Stored data:
######
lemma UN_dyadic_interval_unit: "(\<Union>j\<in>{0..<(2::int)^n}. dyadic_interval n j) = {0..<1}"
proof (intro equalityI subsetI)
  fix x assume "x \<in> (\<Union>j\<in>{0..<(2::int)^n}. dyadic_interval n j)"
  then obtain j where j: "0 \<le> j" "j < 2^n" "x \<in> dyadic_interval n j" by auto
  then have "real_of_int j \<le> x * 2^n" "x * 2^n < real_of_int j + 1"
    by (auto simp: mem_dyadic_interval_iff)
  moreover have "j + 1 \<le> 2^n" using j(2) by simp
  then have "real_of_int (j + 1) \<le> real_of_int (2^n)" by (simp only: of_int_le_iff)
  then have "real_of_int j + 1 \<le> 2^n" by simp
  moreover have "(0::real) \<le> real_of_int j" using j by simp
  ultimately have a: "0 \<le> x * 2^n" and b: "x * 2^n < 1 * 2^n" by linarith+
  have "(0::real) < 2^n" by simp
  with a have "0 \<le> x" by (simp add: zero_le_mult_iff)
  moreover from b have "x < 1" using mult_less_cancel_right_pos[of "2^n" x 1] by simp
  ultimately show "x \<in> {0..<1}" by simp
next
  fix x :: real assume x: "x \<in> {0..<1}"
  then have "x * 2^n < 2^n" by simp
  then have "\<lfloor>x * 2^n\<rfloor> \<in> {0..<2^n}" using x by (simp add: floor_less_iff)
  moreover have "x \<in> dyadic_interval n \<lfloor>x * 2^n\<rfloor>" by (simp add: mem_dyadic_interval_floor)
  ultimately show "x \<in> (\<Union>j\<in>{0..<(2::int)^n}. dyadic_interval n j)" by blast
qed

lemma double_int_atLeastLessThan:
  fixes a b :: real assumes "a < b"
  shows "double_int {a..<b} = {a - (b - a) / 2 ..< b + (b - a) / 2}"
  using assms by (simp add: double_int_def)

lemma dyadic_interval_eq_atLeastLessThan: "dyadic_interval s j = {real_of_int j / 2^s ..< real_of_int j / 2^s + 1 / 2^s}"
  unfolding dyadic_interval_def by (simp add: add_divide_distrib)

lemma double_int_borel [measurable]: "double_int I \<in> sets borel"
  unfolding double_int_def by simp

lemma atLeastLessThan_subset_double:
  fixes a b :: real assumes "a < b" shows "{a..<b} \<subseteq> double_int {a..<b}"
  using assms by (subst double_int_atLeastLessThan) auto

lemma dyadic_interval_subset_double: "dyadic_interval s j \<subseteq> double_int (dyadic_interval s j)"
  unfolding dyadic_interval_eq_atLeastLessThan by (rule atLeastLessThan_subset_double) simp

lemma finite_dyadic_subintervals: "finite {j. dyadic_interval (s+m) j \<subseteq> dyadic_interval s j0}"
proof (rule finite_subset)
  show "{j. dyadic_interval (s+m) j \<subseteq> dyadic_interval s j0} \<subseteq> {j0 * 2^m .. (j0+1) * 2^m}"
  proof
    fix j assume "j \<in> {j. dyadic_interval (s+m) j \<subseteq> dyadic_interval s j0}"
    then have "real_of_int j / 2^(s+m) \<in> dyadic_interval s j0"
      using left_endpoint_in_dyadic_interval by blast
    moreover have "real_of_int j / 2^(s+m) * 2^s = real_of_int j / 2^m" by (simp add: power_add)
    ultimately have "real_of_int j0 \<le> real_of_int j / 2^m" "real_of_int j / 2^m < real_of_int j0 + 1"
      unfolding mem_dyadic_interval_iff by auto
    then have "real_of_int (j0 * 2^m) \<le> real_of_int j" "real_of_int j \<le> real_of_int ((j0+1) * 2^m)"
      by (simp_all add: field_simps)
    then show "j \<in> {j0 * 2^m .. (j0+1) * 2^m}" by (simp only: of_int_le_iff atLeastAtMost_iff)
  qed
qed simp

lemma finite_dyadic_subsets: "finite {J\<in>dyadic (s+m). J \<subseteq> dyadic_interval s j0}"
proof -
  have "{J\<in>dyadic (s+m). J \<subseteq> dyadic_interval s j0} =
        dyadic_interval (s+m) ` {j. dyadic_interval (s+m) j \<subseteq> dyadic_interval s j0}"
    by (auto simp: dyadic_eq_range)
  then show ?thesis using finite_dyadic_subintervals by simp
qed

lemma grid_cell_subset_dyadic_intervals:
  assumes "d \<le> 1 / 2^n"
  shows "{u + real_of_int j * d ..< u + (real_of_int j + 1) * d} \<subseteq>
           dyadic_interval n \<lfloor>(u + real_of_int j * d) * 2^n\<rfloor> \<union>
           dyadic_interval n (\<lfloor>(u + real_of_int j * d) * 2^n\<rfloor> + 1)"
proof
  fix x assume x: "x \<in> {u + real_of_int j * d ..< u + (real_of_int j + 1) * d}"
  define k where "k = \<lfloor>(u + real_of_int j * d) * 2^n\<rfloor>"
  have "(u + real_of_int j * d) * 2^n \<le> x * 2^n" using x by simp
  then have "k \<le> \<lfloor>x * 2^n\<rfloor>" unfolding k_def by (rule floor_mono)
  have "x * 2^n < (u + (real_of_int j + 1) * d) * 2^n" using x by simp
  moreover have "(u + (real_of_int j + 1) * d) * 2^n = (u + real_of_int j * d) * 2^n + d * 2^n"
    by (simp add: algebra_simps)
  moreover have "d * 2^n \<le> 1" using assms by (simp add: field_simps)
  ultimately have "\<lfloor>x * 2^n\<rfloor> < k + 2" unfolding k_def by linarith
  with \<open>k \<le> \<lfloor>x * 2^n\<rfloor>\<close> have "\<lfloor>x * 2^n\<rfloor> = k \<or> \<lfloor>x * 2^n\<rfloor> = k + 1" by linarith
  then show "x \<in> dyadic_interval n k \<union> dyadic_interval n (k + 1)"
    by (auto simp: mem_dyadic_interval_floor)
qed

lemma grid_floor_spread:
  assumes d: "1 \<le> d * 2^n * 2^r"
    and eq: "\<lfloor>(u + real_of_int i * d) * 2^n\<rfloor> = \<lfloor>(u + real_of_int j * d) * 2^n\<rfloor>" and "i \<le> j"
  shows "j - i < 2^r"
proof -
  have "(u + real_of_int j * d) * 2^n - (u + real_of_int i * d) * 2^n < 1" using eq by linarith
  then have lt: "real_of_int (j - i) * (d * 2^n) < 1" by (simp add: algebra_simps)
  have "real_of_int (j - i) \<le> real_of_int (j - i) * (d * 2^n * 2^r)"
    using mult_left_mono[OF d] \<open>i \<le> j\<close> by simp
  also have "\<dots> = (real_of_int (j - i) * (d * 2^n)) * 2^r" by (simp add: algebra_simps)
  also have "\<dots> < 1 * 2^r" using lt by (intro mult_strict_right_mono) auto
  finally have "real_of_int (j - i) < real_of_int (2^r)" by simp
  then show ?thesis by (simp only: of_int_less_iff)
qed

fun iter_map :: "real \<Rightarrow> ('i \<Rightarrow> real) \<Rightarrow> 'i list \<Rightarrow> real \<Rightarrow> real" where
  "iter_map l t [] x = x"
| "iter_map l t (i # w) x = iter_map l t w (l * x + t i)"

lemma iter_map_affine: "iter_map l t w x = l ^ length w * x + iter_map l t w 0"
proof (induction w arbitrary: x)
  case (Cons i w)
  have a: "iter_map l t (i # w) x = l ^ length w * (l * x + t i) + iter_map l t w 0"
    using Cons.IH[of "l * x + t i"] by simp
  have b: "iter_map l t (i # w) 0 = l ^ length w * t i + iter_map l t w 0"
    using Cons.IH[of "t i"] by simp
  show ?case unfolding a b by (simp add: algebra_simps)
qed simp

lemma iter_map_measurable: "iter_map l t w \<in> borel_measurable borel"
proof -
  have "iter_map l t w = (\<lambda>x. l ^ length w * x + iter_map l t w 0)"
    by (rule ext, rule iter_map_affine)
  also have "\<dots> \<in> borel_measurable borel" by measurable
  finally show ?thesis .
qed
######
> **Work instructions**
The lines to copy run from the start of the records above through the line holding "then obtain j"; give them exactly, both ends included, and nothing else.

> **Final answer**
lemma UN_dyadic_interval_unit: "(\<Union>j\<in>{0..<(2::int)^n}. dyadic_interval n j) = {0..<1}"
proof (intro equalityI subsetI)
  fix x assume "x \<in> (\<Union>j\<in>{0..<(2::int)^n}. dyadic_interval n j)"
  then obtain j where j: "0 \<le> j" "j < 2^n" "x \<in> dyadic_interval n j" by auto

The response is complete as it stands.